The ShardResolutionStrategy

12 views
Skip to first unread message

H.Taylor

unread,
Nov 21, 2008, 5:04:26 AM11/21/08
to Hibernate Shards Dev
I have unfortunately encountered a major flaw in my design which I
have an idea how to fix but sharing the issue may lead to a better
solution.

My data model consists of object hierarchies which all have a root
object "Company". The business requirements need to shard the data by
Company, so I have included a shardid in the persistent entity.

All objects in scope must have a Company object associated with it
according to predefined business rules, which are by nature of the
architecture defined in the ShardSelectionStrategy ie

if (obj instanceOf Company)
{
id = ((Company) obj).getShardId
}
if (obj instanceOf Job)
{
id = ((Job) obj).getCreator().getCompany.getShardId
}


So this enforces the following
1) Every object must be associated with a Company
2) All objects in the hierarchy must be on the same shard.

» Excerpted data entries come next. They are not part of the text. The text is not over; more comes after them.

(* Let $\mathcal{A} \subseteq 2^{[8]}$ consist of the following 11 sets: $A_0=[8]$, $A_1=\{2,4,6,7,8\}$, $A_2=\{1,3,5,8\}$, $A_3=\{1,4,7,8\}$, $A_4=\{2,3,5,6\}$, $A_5=\{1,3,7\}$, $A_6=\{2,3,5\}$, $A_7=\{2,4,6\}$, $A_8=\{4,5,6,7\}$, $B_{1,2}=\{8\}$, $B_{3,4}=\{1\}$. Let $\mathcal{F} = \{[8]\} \cup \{[8]\setminus\{i\} : i \in [8]\} \cup \{[8]\setminus\{1,2\},\ [8]\setminus\{3,4\}\}$, and define the bijection $\mathcal{A}\to\mathcal{F}$ by $F_{A_0}=[8]$, $F_{A_i}=[8]\setminus\{i\}$ for $i\in[8]$, $F_{B_{1,2}}=[8]\setminus\{1,2\}$, $F_{B_{3,4}}=[8]\setminus\{3,4\}$. Then $\mathcal{F}$ is a filter and $\mathcal{A}$ satisfies Condition 1 with this filter and bijection, while every element $x \in [8]$ belongs to exactly $5$ of the $11$ sets of $\mathcal{A}$. Consequently, it is false that every family $\mathcal{A}\subseteq 2^{[n]}$ satisfying Condition 1 has an element of $[n]$ lying in at least half of the sets of $\mathcal{A}$.
   Context: $[n]=\{1,\dots,n\}$. A family $\mathcal{F} \subseteq 2^{[n]}$ is a filter if $F \in \mathcal{F}$ and $F \subseteq G \subseteq [n]$ imply $G \in \mathcal{F}$. For $A \subseteq B \subseteq [n]$, $[A,B] = \{C : A \subseteq C \subseteq B\}$. A family $\mathcal{A} \subseteq 2^{[n]}$ satisfies Condition 1 if there exist a filter $\mathcal{F} \subseteq 2^{[n]}$ and a bijection $A \mapsto F_A$ from $\mathcal{A}$ onto $\mathcal{F}$ such that (i) $A \subseteq F_A$ for all $A \in \mathcal{A}$, and (ii) for distinct $A, B \in \mathcal{A}$, $[A,F_A] \cap [B,F_B] = \emptyset$ (equivalently, at least one of $A \setminus F_B$, $B \setminus F_A$ is nonempty). *)

theory Defs
  imports Main
begin

definition is_filter :: "nat \<Rightarrow> nat set set \<Rightarrow> bool" where
  "is_filter n F \<longleftrightarrow> F \<subseteq> Pow {1..n} \<and>
     (\<forall>X\<in>F. \<forall>Y. X \<subseteq> Y \<and> Y \<subseteq> {1..n} \<longrightarrow> Y \<in> F)"

definition interval :: "nat set \<Rightarrow> nat set \<Rightarrow> nat set set" where
  "interval A B = {C. A \<subseteq> C \<and> C \<subseteq> B}"

definition cond1_with :: "nat \<Rightarrow> nat set set \<Rightarrow> nat set set \<Rightarrow> (nat set \<Rightarrow> nat set) \<Rightarrow> bool" where
  "cond1_with n \<A> F f \<longleftrightarrow> is_filter n F \<and> bij_betw f \<A> F \<and>
     (\<forall>A\<in>\<A>. A \<subseteq> f A) \<and>
     (\<forall>A\<in>\<A>. \<forall>B\<in>\<A>. A \<noteq> B \<longrightarrow> interval A (f A) \<inter> interval B (f B) = {})"

definition cond1 :: "nat \<Rightarrow> nat set set \<Rightarrow> bool" where
  "cond1 n \<A> \<longleftrightarrow> (\<exists>F f. cond1_with n \<A> F f)"

definition exA :: "nat set set" where
  "exA = {{1..8}, {2,4,6,7,8}, {1,3,5,8}, {1,4,7,8}, {2,3,5,6}, {1,3,7}, {2,3,5},
          {2,4,6}, {4,5,6,7}, {8}, {1}}"

definition exF :: "nat set set" where
  "exF = {{1..8}} \<union> {{1..8} - {i} | i. i \<in> {1..8}} \<union> {{1..8} - {1,2}, {1..8} - {3,4}}"

definition exMap :: "nat set \<Rightarrow> nat set" where
  "exMap A =
    (if A = {1..8} then {1..8}
     else if A = {2,4,6,7,8} then {1..8} - {1}
     else if A = {1,3,5,8} then {1..8} - {2}
     else if A = {1,4,7,8} then {1..8} - {3}
     else if A = {2,3,5,6} then {1..8} - {4}
     else if A = {1,3,7} then {1..8} - {5}
     else if A = {2,3,5} then {1..8} - {6}
     else if A = {2,4,6} then {1..8} - {7}
     else if A = {4,5,6,7} then {1..8} - {8}
     else if A = {8} then {1..8} - {1,2}
     else if A = {1} then {1..8} - {3,4}
     else {})"

end

theory Submission
  imports Defs
begin

text \<open>
  All eleven witnesses are complements of small sets: \<open>F\<^sub>A = [8] - D\<^sub>A\<close> with
  deficit \<open>D\<^sub>A \<in> {\<emptyset>, {1}, \<dots>, {8}, {1,2}, {3,4}}\<close>. This deficit family is closed under
  subsets, so the witnesses form a filter, and two intervals \<open>[A, [8] - D\<^sub>A]\<close> and
  \<open>[B, [8] - D\<^sub>B]\<close> are disjoint exactly when \<open>A\<close> meets \<open>D\<^sub>B\<close> or \<open>B\<close> meets \<open>D\<^sub>A\<close>.
\<close>

lemma interval_disjoint_iff:
  "interval A B \<inter> interval C D = {} \<longleftrightarrow> \<not> A \<union> C \<subseteq> B \<inter> D"
  unfolding interval_def by blast

lemma is_filter_complements:
  assumes "\<DD> \<subseteq> Pow {1..n}" and "\<And>D. D \<in> \<DD> \<Longrightarrow> Pow D \<subseteq> \<DD>"
  shows "is_filter n ((\<lambda>D. {1..n} - D) ` \<DD>)"
  unfolding is_filter_def
proof (intro conjI ballI allI impI)
  show "(\<lambda>D. {1..n} - D) ` \<DD> \<subseteq> Pow {1..n}" by blast
next
  fix X Y assume "X \<in> (\<lambda>D. {1..n} - D) ` \<DD>" "X \<subseteq> Y \<and> Y \<subseteq> {1..n}"
  then obtain D where "D \<in> \<DD>" "{1..n} - D \<subseteq> Y" "Y \<subseteq> {1..n}" by blast
  then have "{1..n} - Y \<in> \<DD>" and "Y = {1..n} - ({1..n} - Y)"
    using assms(2) by blast+
  then show "Y \<in> (\<lambda>D. {1..n} - D) ` \<DD>" by blast
qed

lemma cond1_withI:
  assumes "is_filter n \<F>" and "bij_betw f \<A> \<F>" and "\<And>A. A \<in> \<A> \<Longrightarrow> A \<subseteq> f A"
    and "\<And>A B. A \<in> \<A> \<Longrightarrow> B \<in> \<A> \<Longrightarrow> A \<noteq> B \<Longrightarrow> \<not> A \<union> B \<subseteq> f A \<inter> f B"
  shows "cond1_with n \<A> \<F> f"
  unfolding cond1_with_def interval_disjoint_iff using assms by blast

lemma bij_betw_complements:
  fixes as ds :: "'a set list" and f :: "'a set \<Rightarrow> 'a set"
  assumes "length ds = length as" and "distinct as" "distinct ds"
    and "\<forall>D\<in>set ds. D \<subseteq> U"
    and "\<forall>i<length as. f (as ! i) = U - ds ! i"
  shows "bij_betw f (set as) ((\<lambda>D. U - D) ` set ds)"
proof -
  have "map f as = map (\<lambda>D. U - D) ds"
    using assms(1,5) by (simp add: list_eq_iff_nth_eq)
  then have image: "f ` set as = (\<lambda>D. U - D) ` set ds"
    by (metis set_map)
  have "inj_on (\<lambda>D. U - D) (set ds)"
    using assms(4) by (intro inj_onI) blast
  then have "card (f ` set as) = card (set as)"
    using image assms(1-3) by (simp add: card_image distinct_card)
  then show ?thesis
    using image by (simp add: bij_betw_def eq_card_imp_inj_on)
qed

lemma cond1_with_complements:
  fixes as ds :: "nat set list" and f :: "nat set \<Rightarrow> nat set"
  assumes filter: "is_filter n ((\<lambda>D. {1..n} - D) ` set ds)"
    and "length ds = length as" and "distinct as" "distinct ds"
    and "\<forall>D\<in>set ds. D \<subseteq> {1..n}"
    and witnesses: "\<forall>i<length as. as ! i \<subseteq> {1..n} - ds ! i \<and> f (as ! i) = {1..n} - ds ! i"
    and separated: "\<forall>i<length as. \<forall>j<length as. i \<noteq> j \<longrightarrow>
                      as ! i \<inter> ds ! j \<noteq> {} \<or> as ! j \<inter> ds ! i \<noteq> {}"
  shows "cond1_with n (set as) ((\<lambda>D. {1..n} - D) ` set ds) f"
proof (rule cond1_withI[OF filter bij_betw_complements])
  show "A \<subseteq> f A" if "A \<in> set as" for A
    using witnesses that by (metis in_set_conv_nth)
next
  fix A B assume "A \<in> set as" "B \<in> set as" "A \<noteq> B"
  then obtain i j where "i < length as" "A = as ! i" "j < length as" "B = as ! j" "i \<noteq> j"
    by (metis in_set_conv_nth)
  moreover from this have "f A = {1..n} - ds ! i" "f B = {1..n} - ds ! j"
    and "A \<inter> ds ! j \<noteq> {} \<or> B \<inter> ds ! i \<noteq> {}"
    using witnesses separated by simp_all
  ultimately show "\<not> A \<union> B \<subseteq> f A \<inter> f B"
    by blast
qed (use assms in simp_all)

definition members :: "nat set list" where
  "members = [{1..8}, {2,4,6,7,8}, {1,3,5,8}, {1,4,7,8}, {2,3,5,6}, {1,3,7}, {2,3,5},
              {2,4,6}, {4,5,6,7}, {8}, {1}]"

definition deficits :: "nat set list" where
  "deficits = [{}, {1}, {2}, {3}, {4}, {5}, {6}, {7}, {8}, {1,2}, {3,4}]"

lemma distinct_members: "distinct members"
  unfolding members_def by code_simp

lemma distinct_deficits: "distinct deficits"
  unfolding deficits_def by code_simp

lemma length_deficits: "length deficits = length members"
  unfolding members_def deficits_def by simp

lemma deficits_subset: "\<forall>D\<in>set deficits. D \<subseteq> {1..8}"
  unfolding deficits_def by code_simp

lemma deficits_downward_closed: "\<forall>D\<in>set deficits. Pow D \<subseteq> set deficits"
  unfolding deficits_def by code_simp

lemma exMap_members:
  "\<forall>i<length members. members ! i \<subseteq> {1..8} - deficits ! i \<and>
     exMap (members ! i) = {1..8} - deficits ! i"
  unfolding members_def deficits_def exMap_def by code_simp

lemma members_separated:
  "\<forall>i<length members. \<forall>j<length members. i \<noteq> j \<longrightarrow>
     members ! i \<inter> deficits ! j \<noteq> {} \<or> members ! j \<inter> deficits ! i \<noteq> {}"
  unfolding members_def deficits_def by code_simp

lemma length_filter_members: "\<forall>x\<in>{1..8}. length (filter (\<lambda>A. x \<in> A) members) = 5"
  unfolding members_def by code_simp

lemma exA_eq: "exA = set members"
  unfolding exA_def members_def by simp

lemma exF_eq: "exF = (\<lambda>D. {1..8} - D) ` set deficits"
proof -
  have "{1..8::nat} = {1,2,3,4,5,6,7,8}" by auto
  then have "(\<lambda>i. {1..8::nat} - {i}) ` {1..8} = (\<lambda>D. {1..8} - D) ` {{1},{2},{3},{4},{5},{6},{7},{8}}"
    by (simp only: image_insert image_empty)
  then show ?thesis
    unfolding exF_def deficits_def Setcompr_eq_image by (simp add: insert_commute)
qed

lemma exA_subset_Pow: "exA \<subseteq> Pow {1..8}"
  unfolding exA_eq members_def by auto

lemma card_exA: "card exA = 11"
  unfolding exA_eq using distinct_members by (simp add: distinct_card members_def)

lemma card_exA_containing:
  assumes "x \<in> {1..8}" shows "card {A \<in> exA. x \<in> A} = 5"
proof -
  have "card {A \<in> exA. x \<in> A} = length (filter (\<lambda>A. x \<in> A) members)"
    unfolding exA_eq using distinct_members by (metis distinct_card distinct_filter set_filter)
  also have "\<dots> = 5"
    using length_filter_members assms by blast
  finally show ?thesis .
qed

lemma is_filter_exF: "is_filter 8 exF"
  unfolding exF_eq using deficits_subset deficits_downward_closed
  by (intro is_filter_complements) blast+

lemma cond1_with_exA: "cond1_with 8 exA exF exMap"
  using is_filter_exF unfolding exA_eq exF_eq
  by (rule cond1_with_complements[OF _ length_deficits distinct_members distinct_deficits
        deficits_subset exMap_members members_separated])

theorem mainTheorem3:
  shows "exA \<subseteq> Pow {1..8} \<and> card exA = 11 \<and>
         is_filter 8 exF \<and> cond1_with 8 exA exF exMap \<and>
         (\<forall>x\<in>{1..8::nat}. card {A\<in>exA. x \<in> A} = 5) \<and>
         \<not> (\<forall>(n::nat) (\<A>::nat set set). \<A> \<subseteq> Pow {1..n} \<and> cond1 n \<A> \<longrightarrow>
               (\<exists>x\<in>{1..n}. 2 * card {A\<in>\<A>. x \<in> A} \<ge> card \<A>))"
proof -
  have "cond1 8 exA"
    unfolding cond1_def using cond1_with_exA by blast
  moreover have "\<not> (\<exists>x\<in>{1..8::nat}. 2 * card {A\<in>exA. x \<in> A} \<ge> card exA)"
    using card_exA card_exA_containing by auto
  ultimately show ?thesis
    using exA_subset_Pow card_exA is_filter_exF cond1_with_exA card_exA_containing by blast
qed

end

I have extended the AnnotationSessionFactoryBean to create a
"ShardedAnnotationSessionFactory" so I can add shard configurations
into the application in the applicationContext.xml

It flexible in the sense that I can store multiple Companies on one
shard or if single DB tenancy is required I can have one Company on a
shard.

At present I have 4 shards configured with multiple Companies on each
shard. I have a Hibernate Search Index which spans all the shards and
I have created a ShardedFullTextSession and Query implementation which
is a bit of a hack, and beyond the scope of this post.

So at present I have multiple shards(MYSQL), single index using
HibernateSearch, a DAO design Pattern with Hibernate implementations
all within a Spring MVC web application.

So whats working is search, retrieval and persistence of a transient
object, but not persistence of a persistent object (In laymens terms
I can create a new object but not update an exisiting one).


The problem is that the default ShardResolutionStrategy cannot resolve
which shard the object resides on.
This is the AllShardsShardResolutionStrategy. After stepping through,
it appears to take the follwing steps

a) Check each shard session for existence of the context object. In my
case its not finding it in any of the sessions (I am not sure why)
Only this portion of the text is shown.